UN officials say India can do much more to battle the disease.

Said Marzio Babille, chief of health wing at the Unicef office here: “India produces only a tenth of the vaccine doses required for the country. India has good expertise to produce desired vaccines but they need to prioritise them.

“A good national immunisation plan, adequate doses of vaccine, ability of the government to investigate thoroughly and carry out surveillance are a few things required to handle the disease,” Babille told IANS.

He said though mosquito was the primary reason for Japanese encephalitis, yet horses and pigs were the reservoirs of its virus.

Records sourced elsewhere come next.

(* Let $(B_1;R_1),(B_2;R_2)\in\mathcal C$, let $A_0=B_1\cap B_2$, and suppose $R_1|A_0=R_2|A_0$ and $A_0\le(B_i;R_i)$ for $i=1,2$. Let $C=B_1\cup B_2$ with $R=R_1\cup R_2$, and let $d_C$ be the dimension function of $PG(C;R)$. For $X\subseteq C$ let $\eta(X)=d_1(X\cap B_1)+d_2(X\cap B_2)-d_0(X\cap A_0)$, where $d_i$ is the dimension function of $PG(B_i;R_i)$ and $d_0$ that of $PG(A_0;R_1|A_0)$, and let $\zeta(X)=\min\{\eta(Y):X\subseteq Y\subseteq C\}$. Then $d_C(X)=\zeta(X)$ for all $X\subseteq C$. Moreover, if $C'$ is any pregeometry on the set $C$ whose restrictions to $B_1$ and to $B_2$ are $PG(B_1;R_1)$ and $PG(B_2;R_2)$ respectively, then its dimension function satisfies $d_{C'}(X)\le\zeta(X)$ for all $X\subseteq C$.
   Context: A set system is a pair $(A;R)$ where $R$ is a set of finite non-empty subsets of $A$; for $X\subseteq A$, $R[X]=\{r\in R:r\subseteq X\}$ and $\delta(X)=|X|-|R[X]|$; for $B\subseteq A$, $R|B=R[B]$. $\mathcal C$ is the class of finite set systems with $\delta(X)\ge0$ for all $X\subseteq A$. $X\le(A;R)$ means $\delta(X)\le\delta(X')$ for all $X\subseteq X'\subseteq A$. For a set system $(A;R)$ with $\delta\ge0$, $d(X)=\min\{\delta(Y):X\subseteq Y\subseteq A\}$, $\mathrm{cl}(X)=\{y:d(X\cup\{y\})=d(X)\}$, and $PG(A;R)$ is the pregeometry $(A,\mathrm{cl})$ with dimension function $d$. (Under the hypotheses, $(C;R)\in\mathcal C$.) The restriction of a pregeometry $(C,\mathrm{cl}')$ to $B\subseteq C$ has closure $X\mapsto\mathrm{cl}'(X)\cap B$. *)

theory Defs
  imports Main
begin

definition restr :: "'a set set \<Rightarrow> 'a set \<Rightarrow> 'a set set" where
  "restr R X = {r \<in> R. r \<subseteq> X}"

definition delta :: "'a set set \<Rightarrow> 'a set \<Rightarrow> int" where
  "delta R X = int (card X) - int (card (restr R X))"

definition in_C :: "'a set \<Rightarrow> 'a set set \<Rightarrow> bool" where
  "in_C A R \<longleftrightarrow> finite A \<and> (\<forall>r\<in>R. finite r \<and> r \<noteq> {} \<and> r \<subseteq> A)
     \<and> (\<forall>X. X \<subseteq> A \<longrightarrow> delta R X \<ge> 0)"

definition self_suff :: "'a set \<Rightarrow> 'a set \<Rightarrow> 'a set set \<Rightarrow> bool" where
  "self_suff X A R \<longleftrightarrow> X \<subseteq> A \<and> (\<forall>X'. X \<subseteq> X' \<and> X' \<subseteq> A \<longrightarrow> delta R X \<le> delta R X')"

definition ss_dim :: "'a set \<Rightarrow> 'a set set \<Rightarrow> 'a set \<Rightarrow> int" where
  "ss_dim A R X = Min {delta R Y | Y. X \<subseteq> Y \<and> Y \<subseteq> A}"

definition ss_cl :: "'a set \<Rightarrow> 'a set set \<Rightarrow> 'a set \<Rightarrow> 'a set" where
  "ss_cl A R X = {y \<in> A. ss_dim A R (X \<union> {y}) = ss_dim A R X}"

definition pregeometry :: "'a set \<Rightarrow> ('a set \<Rightarrow> 'a set) \<Rightarrow> bool" where
  "pregeometry C cl \<longleftrightarrow>
     (\<forall>X. X \<subseteq> C \<longrightarrow> X \<subseteq> cl X \<and> cl X \<subseteq> C) \<and>
     (\<forall>X Y. X \<subseteq> Y \<and> Y \<subseteq> C \<longrightarrow> cl X \<subseteq> cl Y) \<and>
     (\<forall>X. X \<subseteq> C \<longrightarrow> cl (cl X) = cl X) \<and>
     (\<forall>X a b. X \<subseteq> C \<and> a \<in> C \<and> b \<in> C \<and> a \<in> cl (X \<union> {b}) \<and> a \<notin> cl X
          \<longrightarrow> b \<in> cl (X \<union> {a})) \<and>
     (\<forall>X a. X \<subseteq> C \<and> a \<in> cl X \<longrightarrow> (\<exists>X0. finite X0 \<and> X0 \<subseteq> X \<and> a \<in> cl X0))"

definition pg_dim :: "('a set \<Rightarrow> 'a set) \<Rightarrow> 'a set \<Rightarrow> nat" where
  "pg_dim cl X = Min {card Y | Y. Y \<subseteq> X \<and> X \<subseteq> cl Y}"

end

theory Submission
  imports Defs
begin

text \<open>
  Since every relation lies in \<open>B1\<close> or in \<open>B2\<close>, the predimension is
  modular across the amalgam, \<open>\<delta>(Y) = \<delta>(Y \<inter> B1) + \<delta>(Y \<inter> B2) - \<delta>(Y \<inter> A0)\<close>, whereas
  in general it is only submodular. Submodularity applied to sets realising the three dimensions
  of the traces of \<open>Y\<close> gives \<open>d_C(X) \<le> \<eta>(Y)\<close>. Conversely, on the largest set \<open>Z\<close> realising
  \<open>d_C(X)\<close> each trace of \<open>Z\<close> realises its own dimension, so modularity gives \<open>\<eta>(Z) = d_C(X)\<close>.

  For the second part take \<open>S0 \<subseteq> Y \<inter> A0\<close> with \<open>d0(Y \<inter> A0)\<close> elements and the same dimension, and
  extend it greedily inside \<open>Y \<inter> Bi\<close> to a set \<open>Si\<close> of full dimension, paying one element per
  unit of dimension gained. Self-sufficiency of \<open>A0\<close> gives \<open>di(S0) \<ge> d0(S0)\<close>, whence
  \<open>|S1 \<union> S2| \<le> \<eta>(Y)\<close>; and \<open>S1 \<union> S2\<close> spans \<open>Y\<close> in every pregeometry on \<open>C\<close> restricting to
  \<open>PG(Bi;Ri)\<close>, whose dimension is bounded by the size of any spanning set by the exchange axiom.
\<close>

section \<open>Predimension and dimension of a finite set system\<close>

lemma finite_restr: "finite X \<Longrightarrow> finite (restr R X)"
  unfolding restr_def by (rule finite_subset[of _ "Pow X"]) auto

lemma restr_Int: "restr R (X \<inter> Y) = restr R X \<inter> restr R Y"
  unfolding restr_def by blast

lemma delta_restr: "W \<subseteq> A \<Longrightarrow> delta (restr R A) W = delta R W"
  unfolding delta_def restr_def by (metis (no_types, lifting) mem_Collect_eq subset_trans)

lemma delta_Un_Int:
  assumes "finite X" "finite Y"
  shows "delta R (X \<union> Y) + delta R (X \<inter> Y)
           = delta R X + delta R Y - int (card (restr R (X \<union> Y) - (restr R X \<union> restr R Y)))"
proof -
  have sub: "restr R X \<union> restr R Y \<subseteq> restr R (X \<union> Y)"
    unfolding restr_def by blast
  have fin: "finite (restr R X)" "finite (restr R Y)" "finite (restr R (X \<union> Y))"
    using assms finite_restr by blast+
  have "card (restr R (X \<union> Y) - (restr R X \<union> restr R Y))
          = card (restr R (X \<union> Y)) - card (restr R X \<union> restr R Y)"
    using sub fin by (intro card_Diff_subset) auto
  moreover have "card (restr R X \<union> restr R Y) \<le> card (restr R (X \<union> Y))"
    using sub fin by (intro card_mono)
  moreover have "card (restr R X \<union> restr R Y) + card (restr R (X \<inter> Y)) = card (restr R X) + card (restr R Y)"
    using card_Un_Int[OF fin(1,2)] by (simp add: restr_Int)
  moreover have "card (X \<union> Y) + card (X \<inter> Y) = card X + card Y"
    using card_Un_Int[OF assms] by simp
  ultimately show ?thesis
    unfolding delta_def by linarith
qed

lemma delta_submodular:
  "finite X \<Longrightarrow> finite Y \<Longrightarrow> delta R (X \<union> Y) + delta R (X \<inter> Y) \<le> delta R X + delta R Y"
  using delta_Un_Int by fastforce

lemma delta_modular:
  assumes "finite X" "finite Y" and "\<forall>r\<in>R. r \<subseteq> X \<union> Y \<longrightarrow> r \<subseteq> X \<or> r \<subseteq> Y"
  shows "delta R (X \<union> Y) + delta R (X \<inter> Y) = delta R X + delta R Y"
proof -
  have no_straddle: "restr R (X \<union> Y) - (restr R X \<union> restr R Y) = {}"
    using assms(3) unfolding restr_def by blast
  show ?thesis
    using delta_Un_Int[OF assms(1,2), of R] unfolding no_straddle by simp
qed

lemma finite_image_supersets: "finite A \<Longrightarrow> finite {f Y | Y. X \<subseteq> Y \<and> Y \<subseteq> A}"
  by (rule finite_subset[of _ "f ` Pow A"]) auto

lemma ss_dim_le: "finite A \<Longrightarrow> X \<subseteq> Y \<Longrightarrow> Y \<subseteq> A \<Longrightarrow> ss_dim A R X \<le> delta R Y"
  unfolding ss_dim_def by (rule Min_le) (auto simp: finite_image_supersets)

lemma ss_dim_attained:
  "finite A \<Longrightarrow> X \<subseteq> A \<Longrightarrow> \<exists>Y. X \<subseteq> Y \<and> Y \<subseteq> A \<and> ss_dim A R X = delta R Y"
proof -
  assume "finite A" "X \<subseteq> A"
  then have "ss_dim A R X \<in> {delta R Y | Y. X \<subseteq> Y \<and> Y \<subseteq> A}"
    unfolding ss_dim_def by (intro Min_in finite_image_supersets) auto
  then show ?thesis by blast
qed

lemma ss_dim_mono: "finite A \<Longrightarrow> X \<subseteq> Y \<Longrightarrow> Y \<subseteq> A \<Longrightarrow> ss_dim A R X \<le> ss_dim A R Y"
  by (metis ss_dim_attained ss_dim_le order_trans)

lemma ss_dim_submodular:
  assumes "finite A" "X \<subseteq> A" "Y \<subseteq> A"
  shows "ss_dim A R (X \<union> Y) + ss_dim A R (X \<inter> Y) \<le> ss_dim A R X + ss_dim A R Y"
proof -
  obtain V W where V: "X \<subseteq> V" "V \<subseteq> A" "ss_dim A R X = delta R V"
    and W: "Y \<subseteq> W" "W \<subseteq> A" "ss_dim A R Y = delta R W"
    using ss_dim_attained assms by metis
  have "ss_dim A R (X \<union> Y) \<le> delta R (V \<union> W)" "ss_dim A R (X \<inter> Y) \<le> delta R (V \<inter> W)"
    using V W assms(1) by (intro ss_dim_le; blast)+
  moreover have "delta R (V \<union> W) + delta R (V \<inter> W) \<le> delta R V + delta R W"
    using V W assms(1) by (intro delta_submodular) (auto intro: finite_subset)
  ultimately show ?thesis
    using V W by linarith
qed

lemma ss_dim_cong:
  "(\<And>W. W \<subseteq> A \<Longrightarrow> delta R W = delta R' W) \<Longrightarrow> ss_dim A R = ss_dim A R'"
  unfolding ss_dim_def setcompr_eq_image by (intro ext arg_cong[where f = Min] image_cong) auto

“Many rural people in Gorakhpur are living in close proximity to pigs, and this could be one of the reasons why many cases are reported from this district of Uttar Pradesh,” the official said.

He added that lack of consistent focus in the immunisation drive in Assam was a key reason for the high mortality in the state.

Of the 185 deaths, the highest toll was in Assam (115) and Uttar Pradesh was next with 65. While three people died in Haryana, two succumbed to the fever in Manipur.

Babille, however, said that the number of deaths across India had gone down and efforts must now be made to reach “zero mortality level”.

A health ministry official said the main bottleneck in tackling the disease was a “cocktail of lack of awareness among our rural population and vaccine”.

He said the most affected state of Uttar Pradesh had established a regional office of the health and family welfare department at Gorakhpur with support from the central government.

“The aim is to strengthen epidemiological and entomological surveillance in the eastern belt of Uttar Pradesh,” he said.

Authorities said they have extended the Japanese encephalitis vaccination programme from 11 districts across four states in 2006 to 29 endemic districts across nine states.